Repeat nothing but the lines below running from the one containing "define R where" to the one containing "unfolding R_def using". Keep both end lines.

---*---

definition conf2 :: "column list \<Rightarrow> letter \<Rightarrow> nat \<Rightarrow> bool" where
  "conf2 T a m \<longleftrightarrow> (\<exists>L d2 R. T = L @ replicate m (a, bar a) @ [(d2, bar a)] @ R \<and>
     d2 \<noteq> a \<and> (L = [] \<or> last L \<noteq> (a, bar a)))"

definition conf3 :: "column list \<Rightarrow> letter \<Rightarrow> nat \<Rightarrow> bool" where
  "conf3 T a m \<longleftrightarrow> (\<exists>L R. T = L @ replicate (m + 1) (a, bar a) @ R \<and>
     (L = [] \<or> fst (last L) \<noteq> a) \<and> (R = [] \<or> snd (hd R) \<noteq> bar a))"

end

theory Submission
  imports Defs
begin

text \<open>
  The columns (a, bar a) of a tableau in T(s) all carry the same letter a, which lies in
  {1, ..., n, bar n}: the rows weakly increase while bar reverses the order on these letters.
  By antisymmetry these columns form a single run (a, bar a)^M, and every violation of C3 or C5
  involves such a column. Call the run attached if it is preceded by a column with top a or
  followed by a column with bottom bar a, i.e. if C3 fails at its boundary. Configurations (i)
  and (ii) say exactly that the run is attached and m = M, configuration (iii) that it is
  detached and m = M - 1; hence (a, m) is determined by T. For existence it remains to exclude
  a detached run of length one: then C3 holds, and C5 can only fail for a = 1, where the
  extremality of 1 and bar 1 forces T = (1, bar 1)^s.
\<close>

definition col_le :: "nat \<Rightarrow> column \<Rightarrow> column \<Rightarrow> bool" where
  "col_le n c d \<longleftrightarrow> le_D n (fst c) (fst d) \<and> le_D n (snd c) (snd d)"

lemma transp_col_le: "transp (col_le n)"
  by (auto simp: transp_def col_le_def le_D_def)

lemma col_le_refl: "col_le n c c"
  by (simp add: col_le_def le_D_def)

lemma col_le_antisym: "col_le n c d \<Longrightarrow> col_le n d c \<Longrightarrow> c = d"
  by (auto simp: col_le_def le_D_def prod_eq_iff)

lemma C1_iff_sorted_wrt: "C1 n T \<longleftrightarrow> sorted_wrt (col_le n) T"
  by (simp add: C1_def sorted_wrt_iff_nth_Suc_transp[OF transp_col_le] col_le_def)

lemma sorted_wrt_total_on_set:
  assumes "sorted_wrt P xs" "\<And>x. P x x" "x \<in> set xs" "y \<in> set xs"
  shows "P x y \<or> P y x"
proof -
  obtain i j where "i < length xs" "j < length xs" "x = xs ! i" "y = xs ! j"
    using assms(3,4) by (auto simp: in_set_conv_nth)
  then show ?thesis
    using assms(1,2) sorted_wrt_nth_less by (metis linorder_neqE_nat)
qed

lemma A_letters_if_not_bar_le:
  "valid_letter n x \<Longrightarrow> \<not> le_D n (bar x) x \<Longrightarrow> x \<in> A_letters n"
  by (cases x) (auto simp: le_D_def A_letters_def)

lemma A_letters_eq_if_le_D:
  assumes "x \<in> A_letters n" "y \<in> A_letters n" "le_D n x y" "le_D n (bar x) (bar y)"
  shows "x = y"
  using assms by (auto simp: A_letters_def le_D_def)

lemma le_D_Unb1_eq: "valid_letter n x \<Longrightarrow> le_D n x (Unb 1) \<Longrightarrow> x = Unb 1"
  by (cases x) (auto simp: le_D_def)

lemma Bar1_le_D_eq: "valid_letter n x \<Longrightarrow> le_D n (Bar 1) x \<Longrightarrow> x = Bar 1"
  by (cases x) (auto simp: le_D_def)

lemma tabT_column_valid:
  "T \<in> tabT n s \<Longrightarrow> c \<in> set T \<Longrightarrow> valid_letter n (fst c) \<and> valid_letter n (snd c)"
  by (simp add: tabT_def is_tableau_def)

lemma tabT_column_strict: "T \<in> tabT n s \<Longrightarrow> c \<in> set T \<Longrightarrow> \<not> le_D n (snd c) (fst c)"
  by (auto simp: tabT_def C2_def in_set_conv_nth)

lemma pair_column_letter:
  "T \<in> tabT n s \<Longrightarrow> (x, bar x) \<in> set T \<Longrightarrow> x \<in> A_letters n"
  using A_letters_if_not_bar_le tabT_column_valid tabT_column_strict by fastforce

lemma pair_column_letter_unique:
  assumes "T \<in> tabT n s" "(x, bar x) \<in> set T" "(y, bar y) \<in> set T"
  shows "x = y"
proof -
  have "sorted_wrt (col_le n) T"
    using assms(1) by (simp add: tabT_def C1_iff_sorted_wrt)
  then have "col_le n (x, bar x) (y, bar y) \<or> col_le n (y, bar y) (x, bar x)"
    using sorted_wrt_total_on_set[of "col_le n" T "(x, bar x)" "(y, bar y)"] assms(2,3) col_le_refl
    by blast
  then show ?thesis
    using A_letters_eq_if_le_D pair_column_letter[OF assms(1)] assms(2,3)
    by (metis col_le_def fst_conv snd_conv)
qed

definition maximal_run :: "column list \<Rightarrow> column \<Rightarrow> column list \<Rightarrow> nat \<Rightarrow> column list \<Rightarrow> bool" where
  "maximal_run T c L M R \<longleftrightarrow> T = L @ replicate M c @ R \<and> 0 < M \<and>
     (L = [] \<or> last L \<noteq> c) \<and> (R = [] \<or> hd R \<noteq> c)"

lemma maximal_run_pos: "maximal_run T c L M R \<Longrightarrow> 0 < M"
  by (simp add: maximal_run_def)

lemma maximal_run_mem: "maximal_run T c L M R \<Longrightarrow> c \<in> set T"
  by (simp add: maximal_run_def)

lemma maximal_run_exists:
  assumes "c \<in> set T"
  obtains L M R where "maximal_run T c L M R"
proof -
  obtain L R' where T: "T = L @ c # R'" and "c \<notin> set L"
    using split_list_first[OF assms] by blast
  define R where "R = dropWhile (\<lambda>x. x = c) R'"
  define M where "M = Suc (length (takeWhile (\<lambda>x. x = c) R'))"
  have "replicate (length (takeWhile (\<lambda>x. x = c) R')) c = takeWhile (\<lambda>x. x = c) R'"
    by (rule replicate_length_same) (auto dest: set_takeWhileD)
  then have "replicate M c @ R = c # R'"
    unfolding M_def R_def by simp
  moreover have "R = [] \<or> hd R \<noteq> c"
    unfolding R_def using hd_dropWhile[of "\<lambda>x. x = c" R'] by blast
  moreover have "L = [] \<or> last L \<noteq> c"
    using \<open>c \<notin> set L\<close> last_in_set by metis
  ultimately have "maximal_run T c L M R"
    unfolding maximal_run_def M_def using T by simp
  then show thesis by (rule that)
qed

lemma maximal_run_outside:
  assumes "C1 n T" "maximal_run T c L M R"
  shows "c \<notin> set L" "c \<notin> set R"
proof -
  have sorted: "sorted_wrt (col_le n) (L @ replicate M c @ R)" and "0 < M"
    and hL: "L = [] \<or> last L \<noteq> c" and hR: "R = [] \<or> hd R \<noteq> c"
    using assms by (auto simp: maximal_run_def C1_iff_sorted_wrt)
  show "c \<notin> set L"
  proof
    assume "c \<in> set L"
    then obtain L0 l where L: "L = L0 @ [l]" and "l \<noteq> c"
      using hL by (metis empty_iff empty_set rev_exhaust last_snoc)
    have "col_le n c l" and "col_le n l c"
      using sorted \<open>c \<in> set L\<close> \<open>0 < M\<close> col_le_refl by (auto simp: L sorted_wrt_append)
    then show False using col_le_antisym \<open>l \<noteq> c\<close> by blast
  qed
  show "c \<notin> set R"
  proof
    assume "c \<in> set R"
    then obtain r R0 where R: "R = r # R0" and "r \<noteq> c"
      using hR by (cases R) auto
    have "col_le n c r" and "col_le n r c"
      using sorted \<open>c \<in> set R\<close> \<open>0 < M\<close> col_le_refl by (auto simp: R sorted_wrt_append)
    then show False using col_le_antisym \<open>r \<noteq> c\<close> by blast
  qed
qed

lemma maximal_run_unique:
  assumes "C1 n T" "maximal_run T c L M R" "maximal_run T c L' M' R'"
  shows "L' = L \<and> M' = M \<and> R' = R"
proof -
  have canonical: "L = takeWhile (\<lambda>x. x \<noteq> c) T \<and> M = length (filter (\<lambda>x. x = c) T)"
    if "maximal_run T c L M R" for L M R
  proof -
    have "c \<notin> set L" "c \<notin> set R" "0 < M" "T = L @ replicate M c @ R"
      using maximal_run_outside[OF assms(1) that] that by (auto simp: maximal_run_def)
    then show ?thesis
      by (cases M) (auto simp: takeWhile_append filter_empty_conv)
  qed
  from canonical[OF assms(2)] canonical[OF assms(3)] have "L' = L" "M' = M"
    by simp_all
  with assms(2,3) show ?thesis
    by (simp add: maximal_run_def)
qed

---*---

◆ **Task output**:
  define R where "R = dropWhile (\<lambda>x. x = c) R'"
  define M where "M = Suc (length (takeWhile (\<lambda>x. x = c) R'))"
  have "replicate (length (takeWhile (\<lambda>x. x = c) R')) c = takeWhile (\<lambda>x. x = c) R'"
    by (rule replicate_length_same) (auto dest: set_takeWhileD)
  then have "replicate M c @ R = c # R'"
    unfolding M_def R_def by simp
  moreover have "R = [] \<or> hd R \<noteq> c"
    unfolding R_def using hd_dropWhile[of "\<lambda>x. x = c" R'] by blast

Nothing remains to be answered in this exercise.